The dogs have been doing amazingly well. We have been training for almost two months now and have split our dogs into two teams: the A team and the B team. Naturally. The A team is one hard-driving, fast moving, never-say-quit bunch of dogs that are a pleasure to run. The B team consists of some of our older dogs, four dogs belonging to a friend and a two year old that needed a bit of extra work. They, too, are a pleasure to run but for different reasons. Both teams are reliable and good natured and they have given me a lot of confidence in them already.

We are all anxious for snow around here. We thought we’d received our first snowfall a week ago, but the recent warming that brought rain with it pretty much killed that idea.

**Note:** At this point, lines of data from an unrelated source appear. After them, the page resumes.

(* For $n\ge 1$ let $p_n=\Psi(P_n)$, $m_n=\Psi(M_n)$, $o_n=\Psi(O_n)$, and set $p_0=m_0=o_0=1$. Let $P(x)=\sum_{n\ge0}p_nx^n$, $M(x)=\sum_{n\ge0}m_nx^n$, $O(x)=\sum_{n\ge0}o_nx^n$ be the ordinary generating functions. Then $$P(x)=\frac{1+4x^2}{1-5x+4x^2-4x^3},\qquad M(x)=\frac{1-x-2x^2}{1-6x+3x^2-2x^3},\qquad O(x)=\frac{1+x+x^2}{1-4x-4x^2-x^3}.$$
   Context: All graphs are finite and simple. A matching of a graph $G$ is a set of edges no two of which share a vertex; it is maximal if it is not a proper subset of another matching of $G$. $\Psi(G)$ denotes the number of maximal matchings of $G$ (the empty graph has exactly one, the empty matching). A hexagonal cactus is a connected graph in which every block is a 6-cycle (hexagon). A chain hexagonal cactus is a hexagonal cactus in which each hexagon contains at most two cut-vertices and each cut-vertex is shared by exactly two hexagons; its length is the number of hexagons. In a chain of length $\ge 2$, exactly two hexagons contain one cut-vertex (terminal hexagons); the others contain two (internal hexagons). An internal hexagon is an ortho-, meta- or para-hexagon according as its two cut-vertices are at distance 1, 2 or 3 in the hexagon. $P_n$, $M_n$, $O_n$ denote the (unique up to isomorphism) chain hexagonal cacti of length $n$ all of whose internal hexagons are para-, meta-, resp. ortho-hexagons (for $n\le 2$ these coincide). *)

theory Defs
  imports "HOL-Computational_Algebra.Formal_Power_Series"
begin

(* A simple graph is given by its edge set: a set of 2-element vertex sets. *)

definition matching :: "'a set set \<Rightarrow> 'a set set \<Rightarrow> bool" where
  "matching E M \<longleftrightarrow> M \<subseteq> E \<and> (\<forall>e\<in>M. \<forall>f\<in>M. e \<noteq> f \<longrightarrow> e \<inter> f = {})"

definition maximal_matching :: "'a set set \<Rightarrow> 'a set set \<Rightarrow> bool" where
  "maximal_matching E M \<longleftrightarrow>
     matching E M \<and> (\<forall>M'. matching E M' \<and> M \<subseteq> M' \<longrightarrow> M' = M)"

definition Psi :: "'a set set \<Rightarrow> nat" where
  "Psi E = card {M. maximal_matching E M}"

(* Chain hexagonal cactus of length n in which every internal hexagon has
   its two cut-vertices at distance d (d = 1 ortho, 2 meta, 3 para).
   Hexagon k (k < n) is the 6-cycle
     hex_entry d k, 5k+1, 5k+2, 5k+3, 5k+4, 5k+5, hex_entry d k,
   and hexagon k+1 is attached at vertex 5k+d of hexagon k, which is at
   distance d from hex_entry d k along the cycle. *)
definition hex_entry :: "nat \<Rightarrow> nat \<Rightarrow> nat" where
  "hex_entry d k = (if k = 0 then 0 else 5 * (k - 1) + d)"

definition hex_edges :: "nat \<Rightarrow> nat \<Rightarrow> nat set set" where
  "hex_edges d k =
     {{hex_entry d k, 5*k+1}, {5*k+1, 5*k+2}, {5*k+2, 5*k+3},
      {5*k+3, 5*k+4}, {5*k+4, 5*k+5}, {5*k+5, hex_entry d k}}"

definition chain_edges :: "nat \<Rightarrow> nat \<Rightarrow> nat set set" where
  "chain_edges d n = (\<Union>k<n. hex_edges d k)"

abbreviation para_chain :: "nat \<Rightarrow> nat set set" where "para_chain n \<equiv> chain_edges 3 n"
abbreviation meta_chain :: "nat \<Rightarrow> nat set set" where "meta_chain n \<equiv> chain_edges 2 n"
abbreviation ortho_chain :: "nat \<Rightarrow> nat set set" where "ortho_chain n \<equiv> chain_edges 1 n"

definition psi_seq :: "nat \<Rightarrow> nat \<Rightarrow> nat" where
  "psi_seq d n = (if n = 0 then 1 else Psi (chain_edges d n))"

end

(* A matching of a graph glued from G and H at a single vertex c splits into a matching of G and
   one of H, and it is maximal iff, according to which side covers c (G, H or neither), the two
   parts are maximal subject to boundary conditions at c: c has to stay uncovered, and edges at c
   may be excused from being dominated because the other side dominates them. Attaching the
   hexagons of a chain one at a time, the numbers of maximal matchings with the boundary states
   "free", "uncovered" and "uncovered and excused" at the last cut vertex thus satisfy a linear
   recurrence whose coefficients are such counts for a single hexagon. Eliminating the two
   auxiliary states leaves a third-order linear recurrence for Psi, i.e. a rational generating
   function with cubic denominator. *)

theory Submission
  imports Defs
begin

section \<open>Maximal matchings with boundary conditions\<close>

definition dominates :: "'a set set \<Rightarrow> 'a set \<Rightarrow> 'a set set \<Rightarrow> bool" where
  "dominates E X M \<longleftrightarrow> (\<forall>e\<in>E. e \<inter> X = {} \<longrightarrow> (\<exists>f\<in>M. e \<inter> f \<noteq> {}))"

definition restricted_maximal_matching ::
    "'a set set \<Rightarrow> 'a set \<Rightarrow> 'a set \<Rightarrow> 'a set set \<Rightarrow> bool" where
  "restricted_maximal_matching E F X M \<longleftrightarrow> matching E M \<and> \<Union>M \<inter> F = {} \<and> dominates E X M"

Now with temperatures falling again, we are expecting a lot of ice to form on the ground where the water has collected. This will make training difficult until a suitable base of snow forms. We rely on the dogs to start the fourwheeler: we leave it in neutral and then pop it into gear when they start pulling, very much like starting a standard car with a dead battery. The last training run, however, had just enough snow to make the tires of the fourwheeler skid instead of catch on the gravel so I had to run the team with no engine. The problem with this is that the team is strong enough to pull our fourwheeler faster than what we aim for as our top speed but more importantly, I had no brakes. Our actual brakes are broken. They don’t work at all. Never have. What we do when the engine runs is to use the gears of the fourwheeler to control our speed: the higher the gear, the easier it is to pull and the faster we go. When we need to slow down, we just gear down, making sure we’ve counted properly and don’t accidentally shift into neutral. Not so this past run. I was at the mercy of the dogs and trying not to let them know it. We flew down the trail in neutral, swerving around corners with the fourwheeler going sideways at times. My only lucky break was that I could shift into first gear on the downhills and the tires would lock up, so the dogs would have to actually pull the fourwheeler downhill, rather than just running full out and gaining momentum in the process.

And that’s how things have been around here. I really ought to get sanding…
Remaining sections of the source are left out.